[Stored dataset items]
lemma nimfa_solution_nonneg:
  fixes A :: "real^'n^'n"
  assumes G: "simple_graph_adj A" and "0 \<le> tau" and sol: "nimfa_solution A tau V0 v"
    and "\<And>j. 0 \<le> V0 $ j" and "0 \<le> t"
  shows "0 \<le> v t $ i"
proof -
  have deriv: "((\<lambda>s. v s $ j) has_real_derivative nimfa_field A tau (v s) $ j) (at s within {0..})"
    if "0 \<le> s" "s \<le> t" for s j
    using sol that(1) by (rule nimfa_solution_deriv)
  obtain B where B: "\<And>s j. 0 \<le> s \<Longrightarrow> s \<le> t \<Longrightarrow> \<bar>v s $ j\<bar> \<le> B"
    using bounded_components_if_derivative[OF deriv] by blast
  have "0 \<le> B"
    using B[of 0] \<open>0 \<le> t\<close> by fastforce
  have "(0 :: real^'n) $ i \<le> v t $ i"
  proof (rule nimfa_comparison[OF G \<open>0 \<le> tau\<close> \<open>0 \<le> t\<close>, where x = "\<lambda>_. 0" and C = "1 + B"])
    fix s j assume s: "0 \<le> s" "s \<le> t"
    show "((\<lambda>s. (0 :: real^'n) $ j) has_real_derivative nimfa_field A tau 0 $ j) (at s within {0..})"
      by simp
    show "((\<lambda>s. v s $ j) has_real_derivative nimfa_field A tau (v s) $ j) (at s within {0..})"
      using s by (rule deriv)
    show "v s $ j < (0 :: real^'n) $ j \<Longrightarrow> 0 \<le> 1 - v s $ j \<and> 1 - v s $ j \<le> 1 + B"
      using B[OF s, of j] by auto
  qed (use assms \<open>0 \<le> B\<close> in \<open>auto simp: nimfa_solution_def\<close>)
  then show ?thesis
    by simp
qed

lemma nimfa_solution_le_one:
  fixes A :: "real^'n^'n"
  assumes G: "simple_graph_adj A" and "0 \<le> tau" and sol: "nimfa_solution A tau V0 v"
    and V0: "\<And>j. 0 \<le> V0 $ j \<and> V0 $ j \<le> 1" and "0 \<le> t"
  shows "v t $ i \<le> 1"
proof -
  have nonneg: "0 \<le> v s $ j" if "0 \<le> s" for s j
    using nimfa_solution_nonneg[OF G \<open>0 \<le> tau\<close> sol _ that] V0 by blast
  have "v t $ i - 1 \<le> 0"
  proof (rule nonpos_invariant[where u = "\<lambda>t i. v t $ i - 1" and c = 0])
    fix s j assume s: "0 \<le> s" "s \<le> t"
    show "((\<lambda>s. v s $ j - 1) has_real_derivative nimfa_field A tau (v s) $ j) (at s within {0..})"
      using DERIV_diff[OF nimfa_solution_deriv[OF sol s(1)] DERIV_const] by simp
    have "1 < v s $ j \<Longrightarrow> nimfa_field A tau (v s) $ j \<le> 0"
      using G \<open>0 \<le> tau\<close> nonneg[OF s(1)] by (simp add: nimfa_field_nonpos_above_one)
    then show "max (v s $ j - 1) 0 * nimfa_field A tau (v s) $ j
        \<le> 0 * max (v s $ j - 1) 0 * (\<Sum>k\<in>UNIV. max (v s $ k - 1) 0)"
      by (auto simp: max_def mult_nonneg_nonpos)
  qed (use assms in \<open>auto simp: nimfa_solution_def\<close>)
  then show ?thesis
    by simp
qed

lemma nimfa_solution_mono:
  fixes A :: "real^'n^'n"
  assumes G: "simple_graph_adj A" and "0 \<le> tau"
    and solv: "nimfa_solution A tau V0 v" and solw: "nimfa_solution A tau W0 w"
    and V0: "\<And>j. 0 \<le> V0 $ j" and W0: "\<And>j. 0 \<le> W0 $ j \<and> W0 $ j \<le> 1"
    and le: "\<And>j. V0 $ j \<le> W0 $ j" and "0 \<le> t"
  shows "v t $ i \<le> w t $ i"
proof (rule nimfa_comparison[OF G \<open>0 \<le> tau\<close> \<open>0 \<le> t\<close>, where C = 1])
  fix s j assume s: "0 \<le> s" "s \<le> t"
  show "((\<lambda>s. v s $ j) has_real_derivative nimfa_field A tau (v s) $ j) (at s within {0..})"
    using solv s(1) by (rule nimfa_solution_deriv)
  show "((\<lambda>s. w s $ j) has_real_derivative nimfa_field A tau (w s) $ j) (at s within {0..})"
    using solw s(1) by (rule nimfa_solution_deriv)
  show "0 \<le> v s $ j"
    using G \<open>0 \<le> tau\<close> solv V0 s(1) by (rule nimfa_solution_nonneg)
  show "0 \<le> 1 - w s $ j \<and> 1 - w s $ j \<le> 1"
    using nimfa_solution_nonneg[OF G \<open>0 \<le> tau\<close> solw _ s(1)]
      nimfa_solution_le_one[OF G \<open>0 \<le> tau\<close> solw W0 s(1)] W0 by auto
next
  show "v 0 $ j \<le> w 0 $ j" for j
    using solv solw le by (simp add: nimfa_solution_def)
qed simp

lemma nimfa_solution_norm_decay:
  fixes A :: "real^'n^'n"
  assumes G: "simple_graph_adj A" and "0 \<le> tau" and sol: "nimfa_solution A tau V0 v"
    and V0: "\<And>j. 0 \<le> V0 $ j" and "0 \<le> t"
  shows "v t \<bullet> v t \<le> exp (2 * (R0 A tau - 1) * t) * (V0 \<bullet> V0)"
proof -
  have "v t \<bullet> v t \<le> exp (2 * (R0 A tau - 1) * t) * (v 0 \<bullet> v 0)"
  proof (rule gronwall_inequality[OF \<open>0 \<le> t\<close>])
    fix s :: real assume s: "0 \<le> s" "s \<le> t"
    have "((\<lambda>s. \<Sum>i\<in>UNIV. v s $ i * v s $ i) has_real_derivative
        (\<Sum>i\<in>UNIV. nimfa_field A tau (v s) $ i * v s $ i + nimfa_field A tau (v s) $ i * v s $ i))
        (at s within {0..})"
      by (intro DERIV_sum) (rule DERIV_mult[OF nimfa_solution_deriv[OF sol s(1)] nimfa_solution_deriv[OF sol s(1)]])
    then show "((\<lambda>s. v s \<bullet> v s) has_real_derivative 2 * (v s \<bullet> nimfa_field A tau (v s))) (at s within {0..})"
      by (simp add: inner_vec_def sum.distrib sum_distrib_left mult.commute)
    have "v s \<bullet> nimfa_field A tau (v s) \<le> tau * (v s \<bullet> (A *v v s)) - v s \<bullet> v s"
      using G \<open>0 \<le> tau\<close> nimfa_solution_nonneg[OF G \<open>0 \<le> tau\<close> sol V0 s(1)] by (rule inner_nimfa_field_le)
    also have "\<dots> \<le> (R0 A tau - 1) * (v s \<bullet> v s)"
      using quadratic_form_le_lambda1[OF simple_graph_adj_transpose[OF G], of "v s"] \<open>0 \<le> tau\<close>
      by (simp add: R0_def algebra_simps mult_left_mono)
    finally show "2 * (v s \<bullet> nimfa_field A tau (v s)) \<le> 2 * (R0 A tau - 1) * (v s \<bullet> v s)"
      by (simp only: mult.assoc)
  qed
  then show ?thesis
    using sol by (simp add: nimfa_solution_def)
qed

lemma prevalence_nonneg:
  fixes A :: "real^'n^'n"
  assumes "simple_graph_adj A" and "0 \<le> tau" and "nimfa_solution A tau V0 v"
    and "\<And>j. 0 \<le> V0 $ j" and "0 \<le> t"
  shows "0 \<le> prevalence v t"
  unfolding prevalence_def using nimfa_solution_nonneg[OF assms]
  by (intro divide_nonneg_nonneg sum_nonneg) auto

▸ **Problem details**:
From the very first line of the data through the line with "using B[OF s, of j] by auto" in it, please reproduce each line exactly and output nothing more.

▸ **Completed task**:
lemma nimfa_solution_nonneg:
  fixes A :: "real^'n^'n"
  assumes G: "simple_graph_adj A" and "0 \<le> tau" and sol: "nimfa_solution A tau V0 v"
    and "\<And>j. 0 \<le> V0 $ j" and "0 \<le> t"
  shows "0 \<le> v t $ i"
proof -
  have deriv: "((\<lambda>s. v s $ j) has_real_derivative nimfa_field A tau (v s) $ j) (at s within {0..})"
    if "0 \<le> s" "s \<le> t" for s j
    using sol that(1) by (rule nimfa_solution_deriv)
  obtain B where B: "\<And>s j. 0 \<le> s \<Longrightarrow> s \<le> t \<Longrightarrow> \<bar>v s $ j\<bar> \<le> B"
    using bounded_components_if_derivative[OF deriv] by blast
  have "0 \<le> B"
    using B[of 0] \<open>0 \<le> t\<close> by fastforce
  have "(0 :: real^'n) $ i \<le> v t $ i"
  proof (rule nimfa_comparison[OF G \<open>0 \<le> tau\<close> \<open>0 \<le> t\<close>, where x = "\<lambda>_. 0" and C = "1 + B"])
    fix s j assume s: "0 \<le> s" "s \<le> t"
    show "((\<lambda>s. (0 :: real^'n) $ j) has_real_derivative nimfa_field A tau 0 $ j) (at s within {0..})"
      by simp
    show "((\<lambda>s. v s $ j) has_real_derivative nimfa_field A tau (v s) $ j) (at s within {0..})"
      using s by (rule deriv)
    show "v s $ j < (0 :: real^'n) $ j \<Longrightarrow> 0 \<le> 1 - v s $ j \<and> 1 - v s $ j \<le> 1 + B"
      using B[OF s, of j] by auto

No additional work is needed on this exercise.